Microstructure dependent electroplastic effect in AA 6063 alloy and its nanocomposites

The flow stress reduction during plastic deformation superposed with electric current, commonly referred as 'electroplasticity' has been actively researched over the past few decades. While the existence of an electron-dislocation interaction, independent of Joule heating is established, the exact rate controlling mechanism of the observed behaviour lacks consensus. Understanding the governing mechanism is complex due to the combined effect of Joule heating and electron-dislocation interaction. The present work attempts to establish the electroplastic mechanism in AA 6063 alloy and its nanocomposites. The role of microstructure on the electron interaction is investigated by preparing four distinct microstructure from the base alloy.
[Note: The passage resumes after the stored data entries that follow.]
text \<open>Suppose \<open>p - Q q\<close> has nonnegative coefficients and \<open>Q\<close> has a nonzero coefficient at
  \<open>x\<^sup>k\<close>. Then already \<open>p - x\<^sup>k q\<close> has nonnegative coefficients. Since \<open>\<ell> f = p - q\<close>
  with \<open>\<ell> > 0\<close>, we have \<open>p(\<alpha>) = q(\<alpha>) = c\<close> and \<open>q \<noteq> 0\<close>, so \<open>c > 0\<close>. For \<open>k = 0\<close> the
  coefficientwise inequality \<open>q \<le> p\<close> contradicts the disjointness of the supports of \<open>p\<close> and
  \<open>q\<close>. Otherwise \<open>r = p(\<alpha>) - \<alpha>\<^sup>k q(\<alpha>) = c - \<alpha>\<^sup>k c\<close> is a nonzero element of \<open>M\<^sub>\<alpha>\<close>, and
  the elements \<open>\<alpha>\<^bsup>jk\<^esup> c = \<alpha>\<^bsup>(j+1)k\<^esup> c + \<alpha>\<^bsup>jk\<^esup> r\<close> generate a strictly ascending chain of
  principal ideals, because \<open>M\<^sub>\<alpha>\<close> consists of nonnegative reals.\<close>

lemma not_accp_if_strictly_descending:
  fixes M :: "real set" and x d :: "nat \<Rightarrow> real"
  assumes nonneg: "\<And>y. y \<in> M \<Longrightarrow> 0 \<le> y"
    and zero: "0 \<in> M"
    and add: "\<And>y z. y \<in> M \<Longrightarrow> z \<in> M \<Longrightarrow> y + z \<in> M"
    and x: "\<And>n. x n \<in> M" and d: "\<And>n. d n \<in> M" "\<And>n. d n \<noteq> 0"
    and step: "\<And>n. x n = x (Suc n) + d n"
  shows "\<not> accp M"
proof
  assume "accp M"
  moreover have "(\<lambda>m. x n + m) ` M \<subseteq> (\<lambda>m. x (Suc n) + m) ` M" for n
  proof
    fix y assume "y \<in> (\<lambda>m. x n + m) ` M"
    then obtain m where "m \<in> M" "y = x n + m" by blast
    moreover have "x n + m = x (Suc n) + (d n + m)" using step[of n] by linarith
    ultimately show "y \<in> (\<lambda>m. x (Suc n) + m) ` M" using add d by auto
  qed
  ultimately obtain N where N: "\<forall>n\<ge>N. (\<lambda>m. x n + m) ` M = (\<lambda>m. x N + m) ` M"
    using x unfolding accp_def by blast
  have "x (Suc N) + 0 \<in> (\<lambda>m. x (Suc N) + m) ` M" using zero by blast
  then have "x (Suc N) \<in> (\<lambda>m. x N + m) ` M" using N[rule_format, of "Suc N"] by simp
  then obtain m where "m \<in> M" "x (Suc N) = x N + m" by blast
  moreover have "0 \<le> d N" using d(1) nonneg by blast
  ultimately show False using step[of N] d(2)[of N] nonneg by force
qed

lemma laurent_eval_eq_sum:
  assumes "finite A" "lsupp f \<subseteq> A"
  shows "laurent_eval f a = (\<Sum>n\<in>A. real (f n) * a powi n)"
  unfolding laurent_eval_def
  by (rule sum.mono_neutral_left) (use assms in \<open>auto simp: lsupp_def\<close>)

lemma lsupp_shift: "lsupp (\<lambda>n. g (n - k)) = (\<lambda>n. n + k) ` lsupp g"
  unfolding lsupp_def by (auto simp: image_iff) (metis diff_add_cancel)

lemma is_laurent_shift: "is_laurent g \<Longrightarrow> is_laurent (\<lambda>n. g (n - k))"
  by (simp add: is_laurent_def lsupp_shift)

lemma is_laurent_add: "is_laurent f \<Longrightarrow> is_laurent g \<Longrightarrow> is_laurent (\<lambda>n. f n + g n :: nat)"
  unfolding is_laurent_def by (rule finite_subset[of _ "lsupp f \<union> lsupp g"]) (auto simp: lsupp_def)

lemma lsupp_diff_subset: "lsupp (\<lambda>n. f n - g n :: nat) \<subseteq> lsupp f"
  by (auto simp: lsupp_def)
All the samples were subjected to constant amplitude direct current during plastic deformation. The Joule heating effect is decoupled using the experimentally measured temperature history. The potential electroplastic mechanism for the alloy is elucidated by analysing the trend of flow stress reduction with strain and strain rate. It is inferred that micro Joule heating and electron wind effect cannot completely explain the observed electroplastic behaviour in AA 6063. The SiC particles in nano-composites suppressed the electroplastic effect. The observed mechanical behaviour under electric current is in agreement with the trend predicted assuming magnetic depinning mechanism. The reduction of dislocation density quantified using X-ray diffraction is found to concur with the inferred mechanism. (c) 2021 The Author(s). Published by Elsevier B.V. This is an open access article under the CC BY-NC-ND license (http://creativecommons.org/licenses/by-nc-nd/4.0/).

Automated summary

This research investigates the electroplastic mechanism in AA 6063 alloy and its nanocomposites, revealing that SiC particles suppress the electroplastic effect. By analyzing the trend of flow stress reduction, decoupling Joule heating effects, and hypothesizing a magnetic depinning mechanism, the role of electron-dislocation interactions in plastic deformation is elucidated. The reduction in dislocation density quantified using X-ray diffraction aligns with the inferred mechanism.